Dependent and Independent Events
Two events A and B are considered dependent events if the probability of one event occurring p(A) affects the probability of the other event occurring p(B). If there is no such influence, they are known as independent events.
Understanding whether events are independent or dependent is crucial because the method for calculating the joint probability of two events differs based on this distinction.
- Independent Events
For independent events, to find the probability of both events occurring p(A∩B), you multiply their individual probabilities p(A) and p(B). $$ P(A \cap B) = P(A) \cdot P(B) $$Example: Tossing a coin and rolling a die are independent events because the result of the coin toss does not affect the outcome of the die roll, and vice versa.
- Dependent Events
For dependent events, to calculate the probability of both events occurring p(A∩B), you multiply the probability of event A by the conditional probability of B given A. $$ P(A \cap B) = P(A) \cdot P(B|A) $$Example: If it rains (event A), the likelihood of someone carrying an umbrella (event B) increases. This is a classic example of dependent events.
In general, the product rule applies to both independent and dependent events when calculating probabilities.
This is because the conditional probability p(B|A) is equivalent to the probability p(B) of event B when A and B are independent.
Independent Events
Two events are considered independent events if the occurrence of one does not affect the probability of the other. Mathematically, events A and B are independent if $$ P(A \cap B) = P(A) \cdot P(B) $$ where P denotes probability.
In other words, A and B are independent if the probability of both happening, P(A∩B)—the probability of the intersection of A and B—is the same as the product of their individual probabilities, P(A) and P(B).
$$ P(A∩B)=P(A) \cdot P(B) $$
With independent events, calculating probability is simple: you just multiply the probabilities of each event.
A Practical Example
Imagine flipping a coin twice, aiming to get "heads" both times.
There are two favorable outcomes:
- Event A: "Heads on the first flip".
- Event B: "Heads on the second flip".
The probability of event A is p(A)=1/2 since the coin has two sides, and only one is "heads".
$$ P(A) = \frac{1}{2} $$
The probability of event B is also p(B)=1/2.
$$ P(B) = \frac{1}{2} $$
These events are independent because the outcome of the second flip (p(B)) isn't influenced by the outcome of the first flip.
So, to find the probability of getting "heads" both times, you multiply the probabilities of the individual events.
$$ P(A∩B)=P(A) \cdot P(B) $$
$$ P(A∩B)= \frac{1}{2} \cdot \frac{1}{2} $$
$$ P(A∩B)= \frac{1}{4} $$
$$ P(A∩B)= 0.25 $$
The probability of both events occurring is P(A∩B)= 0.25, or 25%. In other words, one out of every four attempts will result in "heads" both times.
Dependent Events
Two events are considered dependent events if the probability of one event affects the probability of the other. For dependent events, we use conditional probability p(B|A). $$ P(A \cap B) = P(A) \cdot P(B|A) $$
Typically, events are dependent when there is some kind of causal or conditional connection between them.
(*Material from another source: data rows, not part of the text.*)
section \<open>The Skorokhod problem\<close>

lemma cadlag_bounded:
  fixes f :: "real \<Rightarrow> 'a::real_normed_vector"
  assumes "cadlag f"
  obtains B where "\<And>s. s \<in> {0..t} \<Longrightarrow> norm (f s) \<le> B"
proof -
  have "\<exists>d B. 0 < d \<and> (\<forall>r\<in>{0..t}. dist r c < d \<longrightarrow> norm (f r) \<le> B)" if c: "c \<in> {0..t}" for c
  proof -
    have bound_near: "\<forall>\<^sub>F r in F. norm (f r) \<le> norm L + 1" if "(f \<longlongrightarrow> L) F" for L F
      using tendstoD[OF that zero_less_one]
      by eventually_elim (metis dist_norm norm_triangle_sub add_le_cancel_left less_imp_le order_trans)
    obtain L :: 'a where left: "\<forall>\<^sub>F r in at_left c. r \<in> {0..t} \<longrightarrow> norm (f r) \<le> norm L + 1"
    proof (cases "c = 0")
      case True
      have "\<forall>\<^sub>F r in at_left c. r \<notin> {0..t}"
        unfolding True eventually_at_left_field by (intro exI[of _ "-1"]) auto
      then show ?thesis by (rule that[of 0, OF eventually_mono]) auto
    next
      case False
      then obtain L where "(f \<longlongrightarrow> L) (at_left c)" using assms c unfolding cadlag_def by force
      from bound_near[OF this] show ?thesis by (rule that[of L, OF eventually_mono]) simp
    qed
    have "(f \<longlongrightarrow> f c) (at_right c)" using assms c unfolding cadlag_def by auto
    from bound_near[OF this] have "\<forall>\<^sub>F r in at_right c. r \<in> {0..t} \<longrightarrow> norm (f r) \<le> norm (f c) + 1"
      by (rule eventually_mono) simp
    with left have "\<forall>\<^sub>F r in at c. r \<in> {0..t} \<longrightarrow> norm (f r) \<le> max (norm L + 1) (norm (f c) + 1)"
      unfolding eventually_at_split by (auto elim!: eventually_mono)
    then obtain d where "0 < d" "\<And>r. r \<noteq> c \<Longrightarrow> dist r c < d \<Longrightarrow> r \<in> {0..t} \<Longrightarrow>
        norm (f r) \<le> max (norm L + 1) (norm (f c) + 1)"
      unfolding eventually_at by auto
    then have "\<forall>r\<in>{0..t}. dist r c < d \<longrightarrow> norm (f r) \<le> max (norm L + 1) (norm (f c) + 1)"
      by (metis max.cobounded2 add_increasing2 zero_le_one order_trans order_refl)
    with \<open>0 < d\<close> show ?thesis by blast
  qed
  then obtain d B where d: "\<And>c. c \<in> {0..t} \<Longrightarrow> 0 < d c \<and> (\<forall>r\<in>{0..t}. dist r c < d c \<longrightarrow> norm (f r) \<le> B c)"
    by metis
  obtain C where C: "C \<subseteq> {0..t}" "finite C" "{0..t} \<subseteq> (\<Union>c\<in>C. ball c (d c))"
  proof (rule compactE_image[of "{0..t}" "{0..t}" "\<lambda>c. ball c (d c)"])
    show "{0..t} \<subseteq> (\<Union>c\<in>{0..t}. ball c (d c))" using d by force
  qed auto
  show ?thesis
  proof (rule that)
    fix s assume s: "s \<in> {0..t}"
    then obtain c where c: "c \<in> C" "dist s c < d c" using C by (auto simp: dist_commute)
    then have "norm (f s) \<le> \<bar>B c\<bar>"
      using d[of c] C(1) s by (auto simp: subset_iff)
    also have "\<dots> \<le> (\<Sum>c\<in>C. \<bar>B c\<bar>)"
      using C(2) c(1) by (intro member_le_sum) auto
    finally show "norm (f s) \<le> (\<Sum>c\<in>C. \<bar>B c\<bar>)" .
  qed
qed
Note: If events are independent (rather than dependent), the conditional probability p(B|A) equals p(B). Therefore, the calculation becomes the same as for independent events. $$ P(A \cap B) = P(A) \cdot P(B|A) = P(A) \cdot p(B) $$
A Practical Example
Imagine you draw two cards from a deck of 52, aiming to draw two aces.
Consider these two events:
- Event A: "Drawing an ace on the first draw".
- Event B: "Drawing an ace on the second draw".
The probability of event A (drawing an ace on the first draw) is P(A)=4/52 since there are 4 aces in a deck of 52 cards.
$$ P(A)= \frac{4}{52} $$
After the first draw, only 51 cards remain in the deck.
Now, the probability of event B (drawing an ace on the second draw) depends on the outcome of event A:
- If event A occurs, then an ace was drawn on the first try, leaving 3 aces in a deck of 51 cards. In this case, the probability of event B is p(B)=3/51 $$ P(B)= \frac{3}{51} = 0.058 $$
- If event A does NOT occur, then no ace was drawn on the first try, leaving 4 aces in a deck of 51 cards. Here, the probability of event B is p(B)=4/51 $$ P(B)= \frac{4}{51} = 0.078 $$
So, the probability of drawing an ace on the second draw (event B) directly depends on the result of the first draw (event A).
This is a clear example of dependent events.
In such situations, to calculate the joint probability, you use the conditional probability p(B|A), assuming that the first event has already occurred.
$$ P(A \cap B) = P(A) \cdot P(B|A) $$
The probability of the first event is p(A)=4/52, while the conditional probability of the second event is p(B|A)=3/51, as it depends on the first card being an ace.
$$ P(A \cap B) = \frac{4}{52} \cdot \frac{3}{51} = 0.0045 $$
In summary, understanding the difference between dependent and independent events is essential for accurately assessing probabilities and making well-informed decisions in uncertain situations.